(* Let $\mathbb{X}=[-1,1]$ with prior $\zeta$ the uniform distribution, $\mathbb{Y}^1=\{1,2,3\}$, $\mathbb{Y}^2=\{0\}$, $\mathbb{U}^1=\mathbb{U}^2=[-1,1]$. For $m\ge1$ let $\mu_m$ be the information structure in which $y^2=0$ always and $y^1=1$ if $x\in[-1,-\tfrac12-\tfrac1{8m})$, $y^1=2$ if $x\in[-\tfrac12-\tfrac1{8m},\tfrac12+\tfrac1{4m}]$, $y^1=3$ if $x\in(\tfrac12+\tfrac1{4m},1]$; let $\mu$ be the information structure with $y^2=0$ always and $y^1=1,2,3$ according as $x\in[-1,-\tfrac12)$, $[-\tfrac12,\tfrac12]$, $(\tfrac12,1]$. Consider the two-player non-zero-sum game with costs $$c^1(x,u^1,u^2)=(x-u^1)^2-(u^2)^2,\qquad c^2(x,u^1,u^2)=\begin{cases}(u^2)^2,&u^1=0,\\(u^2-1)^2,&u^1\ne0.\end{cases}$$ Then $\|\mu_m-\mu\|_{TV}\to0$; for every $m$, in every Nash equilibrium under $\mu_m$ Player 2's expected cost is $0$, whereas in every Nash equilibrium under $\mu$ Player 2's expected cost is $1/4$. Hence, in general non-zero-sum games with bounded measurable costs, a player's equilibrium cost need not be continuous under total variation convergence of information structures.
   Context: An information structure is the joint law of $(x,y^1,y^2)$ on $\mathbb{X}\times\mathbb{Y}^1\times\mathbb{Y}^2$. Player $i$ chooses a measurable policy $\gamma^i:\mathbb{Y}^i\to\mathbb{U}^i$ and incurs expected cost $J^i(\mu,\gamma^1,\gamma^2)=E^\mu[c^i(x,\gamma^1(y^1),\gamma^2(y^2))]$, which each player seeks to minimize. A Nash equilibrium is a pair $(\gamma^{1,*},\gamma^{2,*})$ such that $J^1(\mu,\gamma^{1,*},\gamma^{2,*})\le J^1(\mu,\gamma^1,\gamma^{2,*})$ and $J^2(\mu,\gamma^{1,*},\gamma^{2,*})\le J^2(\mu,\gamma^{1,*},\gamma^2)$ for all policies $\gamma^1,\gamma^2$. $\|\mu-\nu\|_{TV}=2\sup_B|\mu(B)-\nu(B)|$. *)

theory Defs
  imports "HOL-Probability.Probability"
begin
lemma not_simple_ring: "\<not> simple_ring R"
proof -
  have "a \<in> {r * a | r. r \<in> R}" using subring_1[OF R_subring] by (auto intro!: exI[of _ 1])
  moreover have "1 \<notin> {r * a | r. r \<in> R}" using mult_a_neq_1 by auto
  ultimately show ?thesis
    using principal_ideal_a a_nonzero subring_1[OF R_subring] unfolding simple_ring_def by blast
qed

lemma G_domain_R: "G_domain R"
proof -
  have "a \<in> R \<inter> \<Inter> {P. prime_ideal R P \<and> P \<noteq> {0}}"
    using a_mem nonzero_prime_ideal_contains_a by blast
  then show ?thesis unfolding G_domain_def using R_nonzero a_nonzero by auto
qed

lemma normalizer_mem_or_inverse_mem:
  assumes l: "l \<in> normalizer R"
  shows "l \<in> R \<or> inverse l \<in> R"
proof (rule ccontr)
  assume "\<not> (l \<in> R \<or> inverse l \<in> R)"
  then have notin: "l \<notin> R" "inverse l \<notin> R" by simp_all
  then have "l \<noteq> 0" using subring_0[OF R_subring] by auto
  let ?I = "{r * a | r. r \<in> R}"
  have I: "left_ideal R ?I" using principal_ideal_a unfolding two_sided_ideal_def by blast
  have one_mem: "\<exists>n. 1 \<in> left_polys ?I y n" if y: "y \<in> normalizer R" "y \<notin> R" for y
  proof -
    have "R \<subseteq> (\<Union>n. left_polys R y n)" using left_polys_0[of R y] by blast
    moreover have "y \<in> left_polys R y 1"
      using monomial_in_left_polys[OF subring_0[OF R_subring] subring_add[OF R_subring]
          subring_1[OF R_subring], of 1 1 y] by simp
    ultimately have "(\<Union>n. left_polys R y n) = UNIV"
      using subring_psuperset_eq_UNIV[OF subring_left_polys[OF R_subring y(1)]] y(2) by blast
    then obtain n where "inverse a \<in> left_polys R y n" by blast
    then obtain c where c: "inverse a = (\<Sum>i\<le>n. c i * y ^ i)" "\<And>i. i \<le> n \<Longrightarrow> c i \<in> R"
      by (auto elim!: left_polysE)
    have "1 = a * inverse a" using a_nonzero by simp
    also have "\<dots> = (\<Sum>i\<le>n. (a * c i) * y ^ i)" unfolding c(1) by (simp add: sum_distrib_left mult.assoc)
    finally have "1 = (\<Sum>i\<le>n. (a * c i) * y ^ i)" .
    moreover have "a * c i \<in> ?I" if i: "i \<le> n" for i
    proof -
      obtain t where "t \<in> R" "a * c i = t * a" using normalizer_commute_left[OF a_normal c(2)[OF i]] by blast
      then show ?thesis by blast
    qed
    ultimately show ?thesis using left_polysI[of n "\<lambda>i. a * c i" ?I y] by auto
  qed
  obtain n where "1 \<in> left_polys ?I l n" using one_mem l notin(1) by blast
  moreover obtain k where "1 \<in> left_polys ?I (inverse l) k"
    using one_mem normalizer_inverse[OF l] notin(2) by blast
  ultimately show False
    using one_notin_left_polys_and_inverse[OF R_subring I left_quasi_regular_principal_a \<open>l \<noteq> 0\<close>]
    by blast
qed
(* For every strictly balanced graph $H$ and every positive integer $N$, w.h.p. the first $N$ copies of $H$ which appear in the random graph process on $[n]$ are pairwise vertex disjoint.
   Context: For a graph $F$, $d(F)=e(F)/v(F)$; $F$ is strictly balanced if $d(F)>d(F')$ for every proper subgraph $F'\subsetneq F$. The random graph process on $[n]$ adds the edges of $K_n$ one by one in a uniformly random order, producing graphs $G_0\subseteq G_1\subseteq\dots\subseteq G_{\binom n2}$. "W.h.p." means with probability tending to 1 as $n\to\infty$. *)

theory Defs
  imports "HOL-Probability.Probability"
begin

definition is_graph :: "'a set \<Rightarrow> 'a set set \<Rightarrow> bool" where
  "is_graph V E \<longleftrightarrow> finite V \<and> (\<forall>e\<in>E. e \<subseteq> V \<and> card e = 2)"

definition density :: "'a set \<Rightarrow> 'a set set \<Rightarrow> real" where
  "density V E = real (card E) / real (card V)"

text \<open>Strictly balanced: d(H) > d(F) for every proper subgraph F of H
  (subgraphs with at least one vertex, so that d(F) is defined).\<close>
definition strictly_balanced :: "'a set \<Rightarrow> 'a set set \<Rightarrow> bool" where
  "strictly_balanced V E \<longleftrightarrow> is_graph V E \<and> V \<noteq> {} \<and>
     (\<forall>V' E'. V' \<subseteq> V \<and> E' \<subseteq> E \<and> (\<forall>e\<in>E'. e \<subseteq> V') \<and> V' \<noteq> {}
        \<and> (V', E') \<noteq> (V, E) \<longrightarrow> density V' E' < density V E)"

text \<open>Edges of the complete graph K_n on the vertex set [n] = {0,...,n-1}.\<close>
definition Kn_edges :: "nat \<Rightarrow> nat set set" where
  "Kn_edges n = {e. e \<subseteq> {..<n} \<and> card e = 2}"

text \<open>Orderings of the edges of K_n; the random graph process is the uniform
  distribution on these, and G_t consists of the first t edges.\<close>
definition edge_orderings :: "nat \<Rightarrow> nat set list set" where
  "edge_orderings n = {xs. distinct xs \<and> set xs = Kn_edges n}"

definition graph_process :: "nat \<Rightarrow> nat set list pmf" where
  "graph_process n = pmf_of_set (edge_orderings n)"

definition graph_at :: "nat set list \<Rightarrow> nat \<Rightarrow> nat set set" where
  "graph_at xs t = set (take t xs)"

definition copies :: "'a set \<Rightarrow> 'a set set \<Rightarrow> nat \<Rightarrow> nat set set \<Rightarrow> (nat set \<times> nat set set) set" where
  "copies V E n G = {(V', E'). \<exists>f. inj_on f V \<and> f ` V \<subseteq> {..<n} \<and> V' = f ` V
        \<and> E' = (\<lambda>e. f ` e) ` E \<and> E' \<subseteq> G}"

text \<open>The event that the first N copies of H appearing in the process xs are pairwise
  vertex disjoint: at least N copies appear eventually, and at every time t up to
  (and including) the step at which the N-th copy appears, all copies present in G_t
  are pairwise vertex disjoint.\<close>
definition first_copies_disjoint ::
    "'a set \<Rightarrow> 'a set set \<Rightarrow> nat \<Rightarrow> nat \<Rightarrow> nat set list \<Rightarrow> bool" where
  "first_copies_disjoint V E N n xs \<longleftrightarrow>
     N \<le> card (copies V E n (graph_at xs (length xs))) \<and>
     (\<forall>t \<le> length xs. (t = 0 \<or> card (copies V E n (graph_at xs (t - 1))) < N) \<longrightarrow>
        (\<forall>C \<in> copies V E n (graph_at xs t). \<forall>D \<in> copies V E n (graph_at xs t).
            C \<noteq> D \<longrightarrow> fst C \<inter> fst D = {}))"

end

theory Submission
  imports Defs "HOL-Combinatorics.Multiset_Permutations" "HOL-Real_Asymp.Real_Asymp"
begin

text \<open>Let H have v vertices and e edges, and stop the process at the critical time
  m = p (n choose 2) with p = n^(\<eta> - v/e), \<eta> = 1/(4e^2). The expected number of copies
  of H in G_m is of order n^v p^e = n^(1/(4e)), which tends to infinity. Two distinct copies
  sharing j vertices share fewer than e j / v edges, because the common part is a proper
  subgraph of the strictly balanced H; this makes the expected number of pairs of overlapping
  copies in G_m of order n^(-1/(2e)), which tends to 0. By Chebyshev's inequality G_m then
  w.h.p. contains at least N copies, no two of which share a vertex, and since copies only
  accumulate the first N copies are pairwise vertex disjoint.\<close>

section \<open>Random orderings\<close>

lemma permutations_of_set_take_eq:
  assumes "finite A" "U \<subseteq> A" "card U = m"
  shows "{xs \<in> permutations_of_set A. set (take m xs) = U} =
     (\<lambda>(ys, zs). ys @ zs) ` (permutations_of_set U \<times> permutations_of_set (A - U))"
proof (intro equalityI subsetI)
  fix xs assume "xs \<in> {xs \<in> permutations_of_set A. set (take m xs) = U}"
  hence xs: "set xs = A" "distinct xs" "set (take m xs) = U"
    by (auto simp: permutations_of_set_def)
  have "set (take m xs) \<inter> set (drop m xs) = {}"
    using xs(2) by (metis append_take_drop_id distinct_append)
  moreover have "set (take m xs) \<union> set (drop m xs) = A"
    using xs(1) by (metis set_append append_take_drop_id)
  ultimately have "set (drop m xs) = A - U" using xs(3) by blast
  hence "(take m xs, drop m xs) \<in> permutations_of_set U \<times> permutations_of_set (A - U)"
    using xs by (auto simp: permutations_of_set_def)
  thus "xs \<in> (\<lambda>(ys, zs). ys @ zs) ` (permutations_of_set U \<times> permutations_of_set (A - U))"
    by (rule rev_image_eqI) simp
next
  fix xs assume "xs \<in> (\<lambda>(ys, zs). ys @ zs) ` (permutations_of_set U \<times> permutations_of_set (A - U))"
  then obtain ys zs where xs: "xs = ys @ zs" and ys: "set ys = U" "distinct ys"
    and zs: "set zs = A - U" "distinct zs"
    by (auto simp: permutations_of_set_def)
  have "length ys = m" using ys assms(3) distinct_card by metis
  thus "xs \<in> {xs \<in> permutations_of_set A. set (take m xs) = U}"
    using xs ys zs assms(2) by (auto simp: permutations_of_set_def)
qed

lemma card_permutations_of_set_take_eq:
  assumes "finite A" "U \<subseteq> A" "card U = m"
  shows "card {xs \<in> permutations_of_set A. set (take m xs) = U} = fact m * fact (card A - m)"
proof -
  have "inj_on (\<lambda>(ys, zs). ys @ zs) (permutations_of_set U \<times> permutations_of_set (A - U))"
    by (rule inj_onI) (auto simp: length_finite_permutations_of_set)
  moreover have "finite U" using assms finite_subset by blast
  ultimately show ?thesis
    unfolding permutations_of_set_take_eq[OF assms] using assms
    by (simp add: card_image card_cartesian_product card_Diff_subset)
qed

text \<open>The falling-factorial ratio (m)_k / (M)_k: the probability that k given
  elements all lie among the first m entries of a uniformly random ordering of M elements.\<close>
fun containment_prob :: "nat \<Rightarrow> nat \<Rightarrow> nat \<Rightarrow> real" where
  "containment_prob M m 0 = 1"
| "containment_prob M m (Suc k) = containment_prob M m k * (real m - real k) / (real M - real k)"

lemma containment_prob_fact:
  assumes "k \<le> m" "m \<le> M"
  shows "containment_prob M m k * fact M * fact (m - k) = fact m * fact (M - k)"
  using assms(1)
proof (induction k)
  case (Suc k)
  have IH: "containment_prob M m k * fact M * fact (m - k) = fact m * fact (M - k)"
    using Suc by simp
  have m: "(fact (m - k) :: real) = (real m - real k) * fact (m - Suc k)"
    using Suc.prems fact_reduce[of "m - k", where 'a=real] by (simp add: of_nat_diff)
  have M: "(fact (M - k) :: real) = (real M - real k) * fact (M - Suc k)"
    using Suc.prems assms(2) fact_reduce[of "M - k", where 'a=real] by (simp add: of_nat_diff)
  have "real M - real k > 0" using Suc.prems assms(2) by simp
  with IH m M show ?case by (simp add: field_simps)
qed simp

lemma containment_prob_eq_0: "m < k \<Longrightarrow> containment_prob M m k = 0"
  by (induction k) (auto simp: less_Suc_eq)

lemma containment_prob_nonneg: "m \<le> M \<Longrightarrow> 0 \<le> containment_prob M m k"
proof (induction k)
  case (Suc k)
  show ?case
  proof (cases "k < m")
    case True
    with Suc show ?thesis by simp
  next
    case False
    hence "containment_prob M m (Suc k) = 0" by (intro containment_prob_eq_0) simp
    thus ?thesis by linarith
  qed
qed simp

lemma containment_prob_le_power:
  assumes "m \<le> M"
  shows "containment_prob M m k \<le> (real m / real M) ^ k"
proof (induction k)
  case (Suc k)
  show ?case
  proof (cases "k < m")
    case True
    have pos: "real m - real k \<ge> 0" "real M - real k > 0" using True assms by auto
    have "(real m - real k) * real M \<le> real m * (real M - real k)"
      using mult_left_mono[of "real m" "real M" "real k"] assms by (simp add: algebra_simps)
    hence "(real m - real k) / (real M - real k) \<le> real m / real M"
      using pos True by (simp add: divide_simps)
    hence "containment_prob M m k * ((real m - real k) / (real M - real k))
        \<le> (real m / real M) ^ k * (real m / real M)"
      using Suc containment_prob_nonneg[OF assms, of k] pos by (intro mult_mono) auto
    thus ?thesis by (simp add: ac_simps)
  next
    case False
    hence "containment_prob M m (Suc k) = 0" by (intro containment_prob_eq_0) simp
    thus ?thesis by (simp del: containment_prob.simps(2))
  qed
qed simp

Work order:
Using the data above, extract exactly the lines from the one that holds "by (rule rev_image_eqI) simp" to the one that holds "using assms(1)", both ends included, and no others.

Task result:
    by (rule rev_image_eqI) simp
next
  fix xs assume "xs \<in> (\<lambda>(ys, zs). ys @ zs) ` (permutations_of_set U \<times> permutations_of_set (A - U))"
  then obtain ys zs where xs: "xs = ys @ zs" and ys: "set ys = U" "distinct ys"
    and zs: "set zs = A - U" "distinct zs"
    by (auto simp: permutations_of_set_def)
  have "length ys = m" using ys assms(3) distinct_card by metis
  thus "xs \<in> {xs \<in> permutations_of_set A. set (take m xs) = U}"
    using xs ys zs assms(2) by (auto simp: permutations_of_set_def)
qed

lemma card_permutations_of_set_take_eq:
  assumes "finite A" "U \<subseteq> A" "card U = m"
  shows "card {xs \<in> permutations_of_set A. set (take m xs) = U} = fact m * fact (card A - m)"
proof -
  have "inj_on (\<lambda>(ys, zs). ys @ zs) (permutations_of_set U \<times> permutations_of_set (A - U))"
    by (rule inj_onI) (auto simp: length_finite_permutations_of_set)
  moreover have "finite U" using assms finite_subset by blast
  ultimately show ?thesis
    unfolding permutations_of_set_take_eq[OF assms] using assms
    by (simp add: card_image card_cartesian_product card_Diff_subset)
qed

text \<open>The falling-factorial ratio (m)_k / (M)_k: the probability that k given
  elements all lie among the first m entries of a uniformly random ordering of M elements.\<close>
fun containment_prob :: "nat \<Rightarrow> nat \<Rightarrow> nat \<Rightarrow> real" where
  "containment_prob M m 0 = 1"
| "containment_prob M m (Suc k) = containment_prob M m k * (real m - real k) / (real M - real k)"

lemma containment_prob_fact:
  assumes "k \<le> m" "m \<le> M"
  shows "containment_prob M m k * fact M * fact (m - k) = fact m * fact (M - k)"
  using assms(1)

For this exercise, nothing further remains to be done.